Likewise, “Jack, Or The Submission” utilized everyday attire and cracked cement walls to portray a more average family (for whatever world they were in). The lighting turned red during conversations of pain or fire and then blue for water or resolution. The son, Jack, at first, was not seen and only heard through a speaker, indicating his pressure to conform and lack of identity until he finally came forward because his bride made him comfortable by accepting that he was “different from the others.” The props, such as the handkerchiefs that everyone melodramatically sobbed into and the crutches as well as boyish clothes that the “crippled” son clearly overgrew, only enriched the extremism and meaning of the play.

All of the actors performed fantastically. Elizabeth Reinertsen stood out with her roles as Mrs. Watson and Mother Jack while Austin McClaslin-Doyle performed similarly as Mr. Smith and Father Jack. They remembered their lines perfectly and spoke them naturally, though with the greatest emotion, humor, and interest of all of the actors. The dashes around the furniture and walls in both plays resembled those that guide scissors as if to speak to the way the characters’ lives were cookie-cutter. All of these elements enhanced the quirky, pleasurable, and yet perplexing experience.

The aforementioned tools they used — such as the set, lighting, sound, and costumes — subscribed to some real life norms while including some imagined ones to point out the absurdity of our societal standards. The theme of both of these plays was not only to mock our customs but to claim the immorality of their pressures and to remind the audience that they are man-made. Some characters maddeningly repeated themselves as if they were malfunctioning and needed to be smacked out of their craze. Jack’s sister obviously watched her mother and desperately mimicked her actions.

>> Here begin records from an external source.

(* Define $\tau:\mathrm{Cu}_2\setminus\{\lozenge\}\to\mathbb C$ by $\tau(w)=1$ if $w=s_{\mathbf i1}s_{\mathbf i}^*$ for some $\mathbf i\in\mathbf I$, and $\tau(w)=0$ otherwise, and regard it as the bounded linear functional $f\mapsto\sum_{w}f(w)\tau(w)$ on $\mathcal A$. Then $\tau$ is a non-zero bounded trace on $\mathcal A$ with $\tau(\delta_e)=0$; consequently $\tau$ vanishes on $\mathcal J$ and induces a non-zero bounded trace on $\mathcal A/\mathcal J$.
   Context: Let $\mathrm{Cu}_2$ be the involutive monoid with identity $e$ and zero element $\lozenge$ (so $\lozenge t=\lozenge=t\lozenge$ for all $t$), generated by $s_1,s_2,s_1^*,s_2^*$ subject to $s_1^*s_1=e=s_2^*s_2$ and $s_1^*s_2=\lozenge=s_2^*s_1$, with involution $t\mapsto t^*$ satisfying $(t^* )^*=t$, $(tu)^*=u^*t^*$. Let $\mathbf I_0=\{\emptyset\}$, $\mathbf I_n=\{1,2\}^n$, $\mathbf I=\bigcup_{n\ge0}\mathbf I_n$ (finite words; $\mathbf i1$ denotes the word $\mathbf i$ followed by the letter $1$). For $\mathbf i=(i_1,\dots,i_k)\in\mathbf I$ put $s_{\mathbf i}=s_{i_1}\cdots s_{i_k}$ ($s_\emptyset=e$) and $s_{\mathbf i}^*=(s_{\mathbf i})^*$. Let $\mathcal A=\ell^1(\mathrm{Cu}_2\setminus\{\lozenge\})$ with product $\#$ determined by bilinearity and continuity from $\delta_s\#\delta_t=\delta_{st}$ if $st\neq\lozenge$ and $\delta_s\#\delta_t=0$ if $st=\lozenge$; this is a unital Banach algebra with unit $\delta_e$. Let $f_0=\delta_e-\delta_{s_1s_1^*}-\delta_{s_2s_2^*}$ and let $\mathcal J$ be the closed two-sided ideal of $\mathcal A$ generated by $f_0$. A trace on a Banach algebra $\mathcal B$ is a linear functional $\tau$ with $\tau(ab)=\tau(ba)$ for all $a,b\in\mathcal B$. *)

theory Defs
  imports "HOL-Analysis.Analysis" "HOL-Library.Sublist" "HOL-Library.Function_Algebras"
begin

datatype gen = G1 | G2

type_synonym word = "gen list"

text \<open>Every non-zero element of Cu_2 is uniquely of the form s_a s_b^* with a, b words.
  We model Cu_2 minus the zero element by pairs (a,b) standing for s_a s_b^*,
  and the monoid product by an option-valued map, None representing the zero element.\<close>

type_synonym cu = "word \<times> word"

definition cu_mult :: "cu \<Rightarrow> cu \<Rightarrow> cu option" where
  "cu_mult x y = (case x of (a,b) \<Rightarrow> case y of (c,d) \<Rightarrow>
     if prefix b c then Some (a @ drop (length b) c, d)
     else if prefix c b then Some (a, d @ drop (length c) b)
     else None)"

definition cu_e :: cu where "cu_e = ([], [])"

definition cu_s :: "gen \<Rightarrow> cu" where "cu_s i = ([i], [])"

definition cu_star :: "cu \<Rightarrow> cu" where "cu_star x = (snd x, fst x)"

definition l1 :: "(cu \<Rightarrow> complex) set" where
  "l1 = {f. (\<lambda>w. norm (f w)) summable_on UNIV}"

definition l1norm :: "(cu \<Rightarrow> complex) \<Rightarrow> real" where
  "l1norm f = (\<Sum>\<^sub>\<infinity>w. norm (f w))"

definition conv :: "(cu \<Rightarrow> complex) \<Rightarrow> (cu \<Rightarrow> complex) \<Rightarrow> (cu \<Rightarrow> complex)" (infixl "#" 70) where
  "(f # g) w = (\<Sum>\<^sub>\<infinity>(u,v)\<in>{(u,v). cu_mult u v = Some w}. f u * g v)"

definition delta :: "cu \<Rightarrow> cu \<Rightarrow> complex" where
  "delta s = (\<lambda>w. if w = s then 1 else 0)"

definition f0 :: "cu \<Rightarrow> complex" where
  "f0 = delta cu_e - delta ([G1],[G1]) - delta ([G2],[G2])"

definition closed_ideal :: "(cu \<Rightarrow> complex) set \<Rightarrow> bool" where
  "closed_ideal S \<longleftrightarrow> S \<subseteq> l1 \<and> 0 \<in> S
     \<and> (\<forall>x\<in>S. \<forall>y\<in>S. x + y \<in> S)
     \<and> (\<forall>c::complex. \<forall>x\<in>S. (\<lambda>w. c * x w) \<in> S)
     \<and> (\<forall>a\<in>l1. \<forall>x\<in>S. a # x \<in> S \<and> x # a \<in> S)
     \<and> (\<forall>F f. (\<forall>n. F n \<in> S) \<and> f \<in> l1 \<and> (\<lambda>n. l1norm (F n - f)) \<longlonglongrightarrow> 0 \<longrightarrow> f \<in> S)"

definition J :: "(cu \<Rightarrow> complex) set" where
  "J = \<Inter>{S. closed_ideal S \<and> f0 \<in> S}"

definition tau_w :: "cu \<Rightarrow> complex" where
  "tau_w w = (if \<exists>i. w = (i @ [G1], i) then 1 else 0)"

definition tau :: "(cu \<Rightarrow> complex) \<Rightarrow> complex" where
  "tau f = (\<Sum>\<^sub>\<infinity>w. f w * tau_w w)"

end

theory Submission
  imports Defs
begin

text \<open>
  Write \<open>(a, b)\<close> for \<open>s_a s_b^*\<close>; then \<open>tau_w\<close> is the indicator of the pairs \<open>(i @ [G1], i)\<close>.
  On the monoid this indicator is a class function, \<open>tau (x y) = tau (y x)\<close>, as a case analysis
  on the prefix relation between the inner words shows; summing it against \<open>f u * g v\<close> gives the
  trace property.

  For the ideal, consider the functionals \<open>f \<mapsto> tau (delta r # f)\<close> for \<open>r\<close> in \<open>Cu_2\<close>. Each is
  bounded by the \<open>l\<^sup>1\<close> norm and annihilates \<open>f0\<close>, because \<open>tau r = tau (r p\<^sub>1) + tau (r p\<^sub>2)\<close>
  with \<open>p\<^sub>i = s\<^sub>i s\<^sub>i\<^sup>*\<close>. Their common kernel is a closed two-sided ideal: multiplying \<open>f\<close> by
  \<open>delta u\<close> on the left replaces \<open>r\<close> by \<open>r u\<close>, and, thanks to the class-function property,
  multiplying by \<open>delta v\<close> on the right replaces \<open>r\<close> by \<open>v r\<close>. So this kernel contains \<open>J\<close>, and
  \<open>tau\<close>, the functional for \<open>r = e\<close>, vanishes on \<open>J\<close>.
\<close>

lemma cu_mult_append_left: "cu_mult (a, b) (b @ z, d) = Some (a @ z, d)"
  by (simp add: cu_mult_def)

lemma cu_mult_append_right: "cu_mult (a, c @ z) (c, d) = Some (a, d @ z)"
  by (auto simp: cu_mult_def prefix_def)

lemma cu_mult_incomparable: "\<not> prefix b c \<Longrightarrow> \<not> prefix c b \<Longrightarrow> cu_mult (a, b) (c, d) = None"
  by (simp add: cu_mult_def)

lemma cu_mult_cases:
  obtains z where "c = b @ z" "cu_mult (a, b) (c, d) = Some (a @ z, d)"
  | z where "b = c @ z" "cu_mult (a, b) (c, d) = Some (a, d @ z)"
  | "\<not> prefix b c" "\<not> prefix c b" "cu_mult (a, b) (c, d) = None"
  by (metis cu_mult_append_left cu_mult_append_right cu_mult_incomparable prefix_def)

lemma cu_mult_incomparable_append:
  assumes "\<not> prefix b c" "\<not> prefix c b"
  shows "cu_mult (a, b) (c @ v, d) = None"
proof (rule cu_mult_incomparable)
  show "\<not> prefix b (c @ v)"
    using assms prefix_same_cases[of b "c @ v" c] by auto
  show "\<not> prefix (c @ v) b"
    using assms prefix_order.trans[of c "c @ v"] by auto
qed

lemma cu_mult_e_left [simp]: "cu_mult cu_e v = Some v"
  by (cases v) (simp add: cu_mult_def cu_e_def)

lemma cu_mult_e_right [simp]: "cu_mult v cu_e = Some v"
  by (cases v) (simp add: cu_mult_def cu_e_def)

fun cu_times :: "cu option \<Rightarrow> cu option \<Rightarrow> cu option" (infixl "\<cdot>" 70) where
  "Some x \<cdot> Some y = cu_mult x y"
| "_ \<cdot> _ = None"

lemma cu_times_None_right [simp]: "x \<cdot> None = None"
  by (cases x) auto

lemma cu_times_assoc_pairs:
  "(Some (a, b) \<cdot> Some (c, d)) \<cdot> Some (e, f) = Some (a, b) \<cdot> (Some (c, d) \<cdot> Some (e, f))"
proof (cases rule: cu_mult_cases[of c b a d])
  case (1 u)
  then show ?thesis
    by (cases rule: cu_mult_cases[of e d "a @ u" f]) (auto simp: cu_mult_def)
next
  case (2 u)
  then show ?thesis
    by (cases rule: cu_mult_cases[of e d c f]) (auto simp: cu_mult_def prefix_def append_eq_append_conv2)
next
  case 3
  then show ?thesis
    by (cases rule: cu_mult_cases[of e d c f])
      (simp_all add: cu_mult_incomparable cu_mult_incomparable_append)
qed

lemma cu_times_assoc: "(x \<cdot> y) \<cdot> z = x \<cdot> (y \<cdot> z)"
proof (cases x; cases y; cases z)
  fix p q r
  assume "x = Some p" "y = Some q" "z = Some r"
  then show ?thesis
    using cu_times_assoc_pairs[of "fst p" "snd p" "fst q" "snd q" "fst r" "snd r"] by simp
qed auto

The looks and interests of the characters mistakenly defined them even if, oddly to us, it was by ugliness rather than beauty or one’s love for hash brown potatoes rather than a certain religion, sex, etc. While their verbal expressions and body language seemed strange to the viewers, every culture holds variations of these standard conventions. The ending of “The Bald Soprano” with the Watsons repeating the opening scene performed by the Smiths perfectly represented how these people were institutionalized and interchangeable.